= Star Wars: X-wing (book series) =

Book series

The cover of the series' first book

Star Wars: X-wing is a ten-book series of Star Wars novels by Michael A. Stackpole (who also co-wrote the similarly named comic book series) and Aaron Allston. Stackpole's contributions cover the adventures of a new Rogue Squadron formed by Wedge Antilles, while Allston's focus on Antilles' Wraith Squadron.

== Background ==
While preparing to write the series, Stackpole contacted Star Wars Expanded Universe author Timothy Zahn, whose Thrawn trilogy also features a group called Rogue Squadron. After the first book came out, Stackpole asked Zahn for permission to use his character Talon Karrde; Zahn changed about three words of dialogue. Later, Zahn asked Stackpole if he could use Booster Terrik in the first book of his Hand of Thrawn duology; Stackpole returned the favor of changing three words.

==Plot synopses==
While the first eight books are largely continuous, the first four form a complete story arc (being continuous works by Stackpole), and the next three form another complete arc (being continuous works of Allston). Isard's Revenge mostly refers back to characters and situations created in Stackpole's first four novels. Starfighters of Adumar focuses on a few major characters (including, several officers from Rogue Squadron, namely: Antilles, Tycho Celchu, Wes Janson, and Hobbie Klivian).

The first seven novels take place 6.5–7.5 years after the events of the original Star Wars film. Isard's Revenge takes place about two years later, and Starfighters of Adumar takes place 3–4 years after that.

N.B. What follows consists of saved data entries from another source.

lemma prod_vcat_up:
  assumes "is_vcat A" "is_vcat B" "f \<in> Arr A" "g \<in> Arr B"
  shows "up_e (prod_vcat A B) (f, g) = (up_e A f, up_e B g)"
    and "up_m (prod_vcat A B) (f, g) = (up_m A f, up_m B g)"
proof -
  interpret A: variance_category A by (rule variance_category.intro) fact
  interpret B: variance_category B by (rule variance_category.intro) fact
  have factors: "is_EM_fact (prod_vcat A B) (f, g) ((e, e'), (m, m')) \<longleftrightarrow>
        is_EM_fact A f (e, m) \<and> is_EM_fact B g (e', m')" for e e' m m'
    unfolding is_EM_fact_def by auto
  have "(THE p. is_EM_fact (prod_vcat A B) (f, g) p) = ((up_e A f, up_e B g), (up_m A f, up_m B g))"
  proof (rule the_equality)
    fix p
    assume "is_EM_fact (prod_vcat A B) (f, g) p"
    moreover obtain e e' m m' where "p = ((e, e'), (m, m'))"
      by (metis surj_pair)
    ultimately show "p = ((up_e A f, up_e B g), (up_m A f, up_m B g))"
      using factors A.EM_fact_unique B.EM_fact_unique assms by auto
  qed (use factors A.EM_fact_up B.EM_fact_up assms in simp)
  then show "up_e (prod_vcat A B) (f, g) = (up_e A f, up_e B g)"
    and "up_m (prod_vcat A B) (f, g) = (up_m A f, up_m B g)"
    unfolding up_e_def[of "prod_vcat A B"] up_m_def[of "prod_vcat A B"] by simp_all
qed

lemma prod_vcat_lo:
  assumes "is_vcat A" "is_vcat B" "f \<in> Arr A" "g \<in> Arr B"
  shows "lo_m (prod_vcat A B) (f, g) = (lo_m A f, lo_m B g)"
    and "lo_e (prod_vcat A B) (f, g) = (lo_e A f, lo_e B g)"
proof -
  interpret A: variance_category A by (rule variance_category.intro) fact
  interpret B: variance_category B by (rule variance_category.intro) fact
  have factors: "is_ME_fact (prod_vcat A B) (f, g) ((m, m'), (e, e')) \<longleftrightarrow>
        is_ME_fact A f (m, e) \<and> is_ME_fact B g (m', e')" for e e' m m'
    unfolding is_ME_fact_def by auto
  have "(THE p. is_ME_fact (prod_vcat A B) (f, g) p) = ((lo_m A f, lo_m B g), (lo_e A f, lo_e B g))"
  proof (rule the_equality)
    fix p
    assume "is_ME_fact (prod_vcat A B) (f, g) p"
    moreover obtain m m' e e' where "p = ((m, m'), (e, e'))"
      by (metis surj_pair)
    ultimately show "p = ((lo_m A f, lo_m B g), (lo_e A f, lo_e B g))"
      using factors A.ME_fact_unique B.ME_fact_unique assms by auto
  qed (use factors A.ME_fact_lo B.ME_fact_lo assms in simp)
  then show "lo_m (prod_vcat A B) (f, g) = (lo_m A f, lo_m B g)"
    and "lo_e (prod_vcat A B) (f, g) = (lo_e A f, lo_e B g)"
    unfolding lo_m_def[of "prod_vcat A B"] lo_e_def[of "prod_vcat A B"] by simp_all
qed

lemma prod_vcat_src_tgt:
  assumes "is_vcat A" "is_vcat B" "f \<in> Arr A" "g \<in> Arr B"
  shows "src_v (prod_vcat A B) (f, g) = (src_v A f, src_v B g)"
    and "tgt_v (prod_vcat A B) (f, g) = (tgt_v A f, tgt_v B g)"
  using prod_vcat_up[OF assms] prod_vcat_lo[OF assms] unfolding src_v_def tgt_v_def by simp_all

locale var_bifunctor =
  A: variance_category A + B: variance_category B + C: category C
  for A :: "('oa, 'ma, 'za) vcat_scheme"
    and B :: "('ob, 'mb, 'zb) vcat_scheme"
    and C :: "('oc, 'mc, 'zc) cat_scheme" +
  fixes Fo :: "'oa \<times> 'ob \<Rightarrow> 'oc" and Fm :: "'ma \<times> 'mb \<Rightarrow> 'mc"
  assumes var_functor: "is_var_functor (prod_vcat A B) C Fo Fm"
begin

===Rogue Squadron (1996)===
Rogue Squadron (1996) is the first novel in the Star Wars: X-wing series. It is set at the beginning of the New Republic era of the Star Wars Expanded Universe and centers on the creation of a new Rogue Squadron by legendary Rebel Alliance pilot Wedge Antilles. As the first novel in the series, it introduces the primary character, Corran Horn, as well as a host of other characters, including Mirax Terrik, Erisi Dlarit, and Tycho Celchu. The novel focuses on the training and early development of the squadron, as well as the characters and their relationships (primarily Erisi's romantic interest in Corran, and Mirax and Corran's mutual romantic interest). The novel culminates in a daring attack on the Imperial stronghold of Borleias, the first step in an invasion of the capital world Coruscant.

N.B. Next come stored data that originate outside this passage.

lemma kappa_Suc_le_telescoping:
  assumes "n \<ge> 40"
  shows "kappa (Suc n) \<le> kappa n + 61 / 500 / real n - 61 / 500 / real (Suc n)"
proof -
  define x where "x = real n"
  have x: "x \<ge> 40"
    using assms by (simp add: x_def)
  have T: "zeta2 - 1 / x \<le> zeta2_partial n"
    using zeta2_tail_le[of n] assms by (simp add: x_def)
  have "2 * (x + 1 - x) / (x + (x + 1)) \<le> ln (x + 1) - ln x"
    using x by (intro ln_inverse_approx_ge) auto
  then have L: "2 / (2 * x + 1) \<le> ln (real n + 1) - ln (real n)"
    by (simp add: x_def add.commute)
  have "1 / x \<le> 1"
    using x by simp
  then have "(zeta2 - 1 / x) * (2 / (2 * x + 1)) \<le> zeta2_partial n * (ln (real n + 1) - ln (real n))"
    using T L zeta2_bounds zeta2_partial_nonneg[of n] x by (intro mult_mono) auto
  also have "(zeta2 - 1 / x) * (2 / (2 * x + 1)) = 2 * (zeta2 * x - 1) / (x * (2 * x + 1))"
    using x by (simp add: field_simps)
  finally have TL: "2 * (zeta2 * x - 1) / (x * (2 * x + 1)) \<le> zeta2_partial n * (ln (real n + 1) - ln (real n))" .
  have "1000 * (x + 1) \<le> 1.6449 * (622 * x + 61)"
    using x by simp
  also have "\<dots> \<le> zeta2 * (622 * x + 61)"
    using zeta2_bounds x by (intro mult_right_mono) auto
  finally have "0 \<le> x * (zeta2 * (622 * x + 61) - 1000 * (x + 1))"
    using x by simp
  also have "\<dots> = 2 * (zeta2 * x - 1) * (500 * x * (x + 1)) - zeta2 * (500 * x - 61) * (x * (2 * x + 1))"
    by (simp add: algebra_simps)
  finally have "zeta2 * (500 * x - 61) / (500 * x * (x + 1)) \<le> 2 * (zeta2 * x - 1) / (x * (2 * x + 1))"
    using x by (simp add: frac_le_eq divide_nonpos_pos)
  with TL have "zeta2 * (500 * x - 61) / (500 * x * (x + 1)) \<le> zeta2_partial n * (ln (real n + 1) - ln (real n))"
    by linarith
  then have "(500 * x - 61) / (500 * x * (x + 1)) \<le> zeta2_partial n * (ln (real n + 1) - ln (real n)) / zeta2"
    using zeta2_pos by (simp add: pos_le_divide_eq mult.commute)
  moreover have "(500 * x - 61) / (500 * x * (x + 1)) = 1 / (x + 1) + 61 / 500 / (x + 1) - 61 / 500 / x"
    using x by (simp add: divide_simps) (simp add: algebra_simps)
  ultimately have "kappa (Suc n) \<le> kappa n + 61 / 500 / x - 61 / 500 / (x + 1)"
    using kappa_Suc[of n] unfolding x_def by linarith
  then show ?thesis
    by (simp add: x_def add.commute)
qed

lemma kappa_bounds_beyond_40:
  assumes "N \<ge> 40"
  shows "kappa 40 \<le> kappa N" "kappa N \<le> kappa 40 + 61 / 20000 - 61 / 500 / real N"
  using assms
proof (induction N rule: dec_induct)
  case (step n)
  { case 1 show ?case
      using step kappa_le_kappa_Suc[of n] by simp }
  { case 2 show ?case
      using step kappa_Suc_le_telescoping[OF step(1)] by linarith }
qed simp_all
lemma Eset1_walk_cycle:
  "(v, u) \<in> Eset (walk_cycle w) 1 \<Longrightarrow>
     u = Suc v \<and> (v = 0 \<or> (length w + 2 \<le> v \<and> v \<le> 2 * length w + 2))"
  unfolding Eset_def by (auto simp: nab_walk_cycle split: if_splits)

lemma Eset2_walk_cycle:
  "(v, u) \<in> Eset (walk_cycle w) 2 \<Longrightarrow>
     v = Suc u \<and> ((2 \<le> v \<and> v \<le> length w + 2) \<or> v = 2 * length w + 4)"
  unfolding Eset_def by (auto simp: nab_walk_cycle split: if_splits)

lemma Hs_iff: "(a, b) \<in> Hs mu s \<longleftrightarrow> mu a \<noteq> 0 \<and> (\<exists>j \<in> Aset s (mu a). b = padd a j)"
  unfolding Hs_def by blast

lemma walk_descent_edge:
  assumes "2 \<le> u" "u \<le> length w + 1" "set w \<subseteq> {-1, 0, 1}"
    and "mu (walk_point w u) \<in> site_types w u"
  shows "(walk_point w u, walk_point w (u - 1)) \<in> Hs mu 2"
proof -
  define i where "i = u - 2"
  have i: "u = Suc (Suc i)" "i < length w"
    using assms(1,2) by (simp_all add: i_def)
  let ?h = "sum_list (take i w)"
  have letter: "w ! i \<in> {-1, 0, 1}"
    using assms(3) i(2) nth_mem by blast
  have "walk_point w u = (1 + ?h + w ! i, - ?h - w ! i, int i)"
    using i by (simp add: walk_point_def take_Suc_conv_app_nth)
  moreover have "walk_point w (u - 1) = (1 + ?h, - ?h, int i - 1)"
    using i by (simp add: walk_point_def)
  moreover have "mu (walk_point w u) \<in> (if w ! i = 0 then {1, 2} else {1})"
    using assms(4) i by (simp add: site_types_def)
  ultimately show ?thesis
    using letter by (auto simp: Hs_iff Aset_def padd_def)
qed
lemma closed_astar_step:
  assumes inv: "astar_inv C" and step: "astar_step \<Theta> \<sigma> h True C C'"
  shows "closed C \<subseteq> closed C'"
  using step
proof cases
  case (succ t)
  then show ?thesis
    using closed_process_trans[OF inv] by (cases t) fastforce
next
  case (pop e)
  obtain s gh hh where e: "e = (s, gh, hh)" by (cases e)
  then show ?thesis
    using pop by (cases "s \<in> closed C") (auto simp: pop_entry_closed pop_entry_def Let_def)
qed

end

theorem theorem7:
  fixes \<Theta> :: "('s, 'l) tsys"
    and \<sigma> :: "('i, 's, 'l) info_source"
    and h :: "'s \<Rightarrow> 'i \<Rightarrow> ereal"
  assumes "wf_tsys \<Theta>"
    and "wf_source \<Theta> \<sigma>"
    and "dyn_heuristic \<Theta> \<sigma> h"
    and "dyn_monotonic \<Theta> \<sigma> h"
    and "dyn_consistent \<Theta> \<sigma> h"
    and "(astar_step \<Theta> \<sigma> h True)\<^sup>*\<^sup>* (astar_init \<Theta> \<sigma> h) C"
    and "astar_step \<Theta> \<sigma> h True C C'"
  shows "closed C \<subseteq> closed C'"
proof -
  interpret dyn_astar \<Theta> \<sigma> h
    using assms(1-5) by unfold_locales
  show ?thesis
    using astar_inv_reachable[OF assms(6)] assms(7) by (rule closed_astar_step)
qed

end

===Wedge's Gamble (1996)===
Wedge's Gamble (1996) is the second novel in the series. It is set at the beginning of the New Republic era of the Star Wars Expanded Universe. Following the conquest of Borleias, the Rebels and Rogue Squadron must handle Imperial espionage ordered by the rogue imperial Warlord Zsinj. The apparent death of member Bror Jace, the subsequent recruiting by the squadron introduces new, hot-shot members, Aril Nunb and Pash Cracken. With worries of attacks by Zsinj's forces, the Provisional Council convenes and decides that the invasion of Coruscant (the capital of the Galactic Empire) must proceed. A decision is handed down that criminals from the Black Sun, a criminal organization, who have been imprisoned in the Spice Mines of Kessel, would be released on Coruscant as saboteurs and to weaken resistance against the coming invasion, the Rogues are first sent to Kessel. Rogue Squadron must use their undercover skills to help the Alliance to take Coruscant. The Squadron uses the orbital mirrors to reflect sunlight onto the reservoirs of Coruscant, creating massive thunderstorms that disable the planetary shields, and allowing the Alliance fleet a fighting chance at taking the planet, but at the cost of Corran's apparent death.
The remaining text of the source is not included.